--- WHAT YOU SHOULD DO ---
Scan the entries below and give the number of lines containing "where", with no accompanying words.
MATERIAL TO PROCESS Block Start
lemma attacked_consolidated_attack:
  assumes "A \<subseteq> S" "trivially_attacked \<subseteq> A"
  shows "attacked V S w \<theta> (consolidated_attack A) = A"
proof -
  have "s \<in> A" if "s \<in> S" "\<theta> s * (\<Sum>v\<in>V. w v s) \<le> (\<Sum>v\<in>V. consolidated_attack A v s)" for s
    using that assms(2) by (cases "s \<in> A") (auto simp: consolidated_attack_def trivially_attacked_def)
  then show ?thesis
    using assms(1) sum_consolidated_attack[OF assms(1)] by (auto simp: attacked_def)
qed

lemma consolidated_consolidated_attack:
  assumes "A \<subseteq> S" "trivially_attacked \<subseteq> A"
  shows "consolidated V S w \<theta> e (consolidated_attack A)"
  unfolding consolidated_def attacked_consolidated_attack[OF assms]
  by (auto simp: consolidated_attack_enumeration consolidation_weight_def frac_def Let_def)

lemma total_cost_consolidated_attack:
  assumes "A \<subseteq> S" "trivially_attacked \<subseteq> A"
  shows "total_cost V S \<sigma> w \<theta> (consolidated_attack A)
     = (\<Sum>i=1..card V. min stake (consolidation_weight (threshold * real (card V)) i * sum alloc A))"
proof -
  have "(\<Sum>s\<in>A. consolidated_attack A (e i) s)
      = consolidation_weight (threshold * real (card V)) i * sum alloc A" if "i \<in> {1..card V}" for i
    using that assms(1)
    by (auto simp: consolidated_attack_enumeration threshold_eq alloc_eq enumeration_in_V
        sum_distrib_left intro!: sum.cong)
  then show ?thesis
    unfolding total_cost_def validator_cost_def attacked_consolidated_attack[OF assms]
      sum_V_enumeration
    by (auto simp: stake_eq enumeration_in_V intro!: sum.cong)
qed

lemma level_le_attack_weight:
  assumes "is_attack V S w \<alpha>" and T: "T = attacked V S w \<theta> \<alpha>" "T \<subseteq> A" "A \<subseteq> T \<union> trivially_attacked"
  shows "threshold * real (card V) * sum alloc A \<le> (\<Sum>v\<in>V. \<Sum>s\<in>T. \<alpha> v s)"
proof -
  have "A \<subseteq> S" using T by (auto simp: attacked_def trivially_attacked_def)
  then have "finite A" using finite_S finite_subset by blast
  have level: "threshold * real (card V) * alloc s = \<theta> s * (\<Sum>v\<in>V. w v s)" if "s \<in> S" for s
    using that by (simp add: threshold_eq sum_alloc_V)
  have "threshold * real (card V) * sum alloc A
      = (\<Sum>s\<in>A-T. threshold * real (card V) * alloc s) + (\<Sum>s\<in>T. threshold * real (card V) * alloc s)"
    using sum.subset_diff[OF \<open>T \<subseteq> A\<close> \<open>finite A\<close>] by (simp add: sum_distrib_left)
  also have "\<dots> \<le> 0 + (\<Sum>s\<in>T. \<Sum>v\<in>V. \<alpha> v s)"
    using T \<open>A \<subseteq> S\<close>
    by (intro add_mono sum_nonpos sum_mono)
       (auto simp: level subset_eq trivially_attacked_def attacked_def)
  finally show ?thesis by (simp add: sum.swap[of _ T])
qed

lemma total_cost_ge_consolidated:
  assumes "is_attack V S w \<alpha>" and T: "T = attacked V S w \<theta> \<alpha>" "T \<subseteq> A" "A \<subseteq> T \<union> trivially_attacked"
    and "A \<noteq> {}"
  shows "(\<Sum>i=1..card V. min stake (consolidation_weight (threshold * real (card V)) i * sum alloc A))
     \<le> total_cost V S \<sigma> w \<theta> \<alpha>"
proof -
  define t where "t = threshold * real (card V)"
  define x where "x v = (\<Sum>s\<in>T. \<alpha> v s)" for v
  have "A \<subseteq> S" "T \<subseteq> S" using T by (auto simp: attacked_def trivially_attacked_def)
  obtain s where "s \<in> S" using \<open>A \<subseteq> S\<close> \<open>A \<noteq> {}\<close> by blast
  then have t: "0 \<le> t" "t \<le> real (card V)"
    using level_bounds[of s] threshold_eq[of s] by (simp_all add: t_def)
  have "0 \<le> sum alloc A" using \<open>A \<subseteq> S\<close> alloc_nonneg by (auto intro: sum_nonneg)
  have x: "\<forall>v\<in>V. 0 \<le> x v \<and> x v \<le> sum alloc A"
  proof
    fix v assume "v \<in> V"
    have "x v \<le> sum alloc T"
      using assms(1) \<open>T \<subseteq> S\<close> \<open>v \<in> V\<close> by (auto simp: x_def is_attack_def alloc_eq intro!: sum_mono)
    also have "\<dots> \<le> sum alloc A"
      using \<open>A \<subseteq> S\<close> \<open>T \<subseteq> A\<close> finite_S alloc_nonneg by (intro sum_mono2) (auto intro: finite_subset)
    finally show "0 \<le> x v \<and> x v \<le> sum alloc A"
      using assms(1) \<open>T \<subseteq> S\<close> \<open>v \<in> V\<close> by (auto simp: x_def is_attack_def intro: sum_nonneg)
  qed
  have "(real (nat \<lfloor>t\<rfloor>) + frac t) * sum alloc A \<le> (\<Sum>v\<in>V. x v)"
    using level_le_attack_weight[OF assms(1-4)] t(1) by (simp add: t_def x_def frac_def)
  then have "real (nat \<lfloor>t\<rfloor>) * min stake (sum alloc A) + min stake (frac t * sum alloc A)
      \<le> (\<Sum>v\<in>V. min stake (x v))"
    using sum_truncated_ge_saturated[OF finite_V x stake_nonneg \<open>0 \<le> sum alloc A\<close>]
    by (simp add: frac_ge_0 less_imp_le[OF frac_lt_1])
  also have "\<dots> = total_cost V S \<sigma> w \<theta> \<alpha>"
    by (simp add: total_cost_def validator_cost_def x_def T stake_eq)
  finally show ?thesis
    using sum_consolidation_weight[OF t, of "\<lambda>y. min stake (y * sum alloc A)"] stake_nonneg
    by (simp add: t_def)
qed
(* Let $k>0$ and $p\in[1,\infty]$, and let $X,Y$ be compact, fully supported pmm-spaces. Then $\mathsf{PGW}^k_p(X,Y)=0$ if and only if $X$ and $Y$ are isomorphic.
   Context: A pmm-space is a triple $(X,d_X,\mu_X)$ with $(X,d_X)$ a complete separable metric space and $\mu_X$ a Borel probability measure; compact means $(X,d_X)$ compact; fully supported means $\operatorname{supp}\mu_X=X$. $X$ and $Y$ are isomorphic if there is a measure-preserving isometric bijection $X\to Y$. For a measure $\pi$ on $X\times Y$, $\pi_X,\pi_Y$ are its marginals; for $p<\infty$, $\|d_X-d_Y\|_{L^p(\pi\otimes\pi)}=\left(\iint|d_X(x,x')-d_Y(y,y')|^p\,d\pi(x,y)\,d\pi(x',y')\right)^{1/p}$, and for $p=\infty$ the $\pi\otimes\pi$-essential supremum. For a scalar $\epsilon\ge0$: $\mathsf{PGW}_{\epsilon,p}(X,Y)=\inf\{\|d_X-d_Y\|_{L^p(\pi\otimes\pi)}:\pi$ Borel probability measure on $X\times Y$ with $\pi_X\le(1+\epsilon)\mu_X$ and $\pi_Y\le(1+\epsilon)\mu_Y$ setwise$\}$. The robust partial Gromov–Wasserstein distance is $\mathsf{PGW}^k_p(X,Y)=\inf\{\frac{\epsilon}{1+\epsilon}:\epsilon\ge0,\ \mathsf{PGW}_{\epsilon,p}(X,Y)\le k\epsilon\}$. *)

theory Defs
  imports "HOL-Probability.Probability"
begin
(* Let $G$ be a finite group, $\varphi\in\mathrm{Aut}(G)$, and $U$ a subgroup with $\Delta(G,\varphi)\leq U\leq G\times G$. Suppose that for some $i\in\{1,2\}$ we have (i) $k_i(U)\cap G'\neq 1$, and (ii) $k_i(U)\leq Z(G)$. Then $U$ is not extensible.
   Context: $\Delta(G,\varphi)=\{(g,\varphi(g)):g\in G\}$. For $U\leq G\times G$: $k_1(U)=\{g:(g,1)\in U\}$, $k_2(U)=\{h:(1,h)\in U\}$; such $U$ is a subdirect product of $G$ and $G$. $G'$ is the commutator subgroup, $Z(G)$ the center. An abelian group $A$ satisfies the Hypothesis (with set of primes $\pi$) if there is a unique set of primes $\pi$ such that for every $n\in\mathbb{N}$ the $n$-torsion part of $A$ is cyclic of order $n_\pi$ (the $\pi$-part of $n$). $U$ is $A$-extensible if every homomorphism $U\to A$ extends to a homomorphism $G\times G\to A$; $U$ is extensible if it is $A$-extensible for every abelian group $A$ satisfying the Hypothesis. *)

theory Defs
  imports "HOL-Algebra.Algebra" "HOL-Computational_Algebra.Primes" "HOL-Analysis.Analysis"
begin

definition group_center :: "('a, 'b) monoid_scheme \<Rightarrow> 'a set" where
  "group_center G = {z \<in> carrier G. \<forall>g \<in> carrier G. z \<otimes>\<^bsub>G\<^esub> g = g \<otimes>\<^bsub>G\<^esub> z}"

definition twisted_diag :: "('a, 'b) monoid_scheme \<Rightarrow> ('a \<Rightarrow> 'a) \<Rightarrow> ('a \<times> 'a) set" where
  "twisted_diag G \<phi> = {(g, \<phi> g) | g. g \<in> carrier G}"

definition k1 :: "('a, 'b) monoid_scheme \<Rightarrow> ('a \<times> 'a) set \<Rightarrow> 'a set" where
  "k1 G U = {g \<in> carrier G. (g, \<one>\<^bsub>G\<^esub>) \<in> U}"

definition k2 :: "('a, 'b) monoid_scheme \<Rightarrow> ('a \<times> 'a) set \<Rightarrow> 'a set" where
  "k2 G U = {h \<in> carrier G. (\<one>\<^bsub>G\<^esub>, h) \<in> U}"

definition pi_part :: "nat set \<Rightarrow> nat \<Rightarrow> nat" where
  "pi_part \<pi> n = (\<Prod>p \<in> prime_factors n \<inter> \<pi>. p ^ multiplicity p n)"

definition torsion_part :: "('c, 'd) monoid_scheme \<Rightarrow> nat \<Rightarrow> 'c set" where
  "torsion_part A n = {a \<in> carrier A. a [^]\<^bsub>A\<^esub> n = \<one>\<^bsub>A\<^esub>}"

definition cyclic_of_order :: "('c, 'd) monoid_scheme \<Rightarrow> 'c set \<Rightarrow> nat \<Rightarrow> bool" where
  "cyclic_of_order A T m \<longleftrightarrow> finite T \<and> card T = m \<and>
     (\<exists>g \<in> T. T = {g [^]\<^bsub>A\<^esub> (k::nat) | k. True})"

definition satisfies_hypothesis :: "('c, 'd) monoid_scheme \<Rightarrow> bool" where
  "satisfies_hypothesis A \<longleftrightarrow>
     (\<exists>!\<pi>::nat set. (\<forall>p \<in> \<pi>. Factorial_Ring.prime p) \<and>
        (\<forall>n::nat. n \<ge> 1 \<longrightarrow> cyclic_of_order A (torsion_part A n) (pi_part \<pi> n)))"

definition A_extensible :: "('a, 'b) monoid_scheme \<Rightarrow> ('a \<times> 'a) set \<Rightarrow> ('c, 'd) monoid_scheme \<Rightarrow> bool" where
  "A_extensible G U A \<longleftrightarrow>
     (\<forall>f \<in> hom ((G \<times>\<times> G)\<lparr>carrier := U\<rparr>) A.
        \<exists>F \<in> hom (G \<times>\<times> G) A. \<forall>u \<in> U. F u = f u)"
MATERIAL TO PROCESS Block End
--- ANSWER BELOW ---
12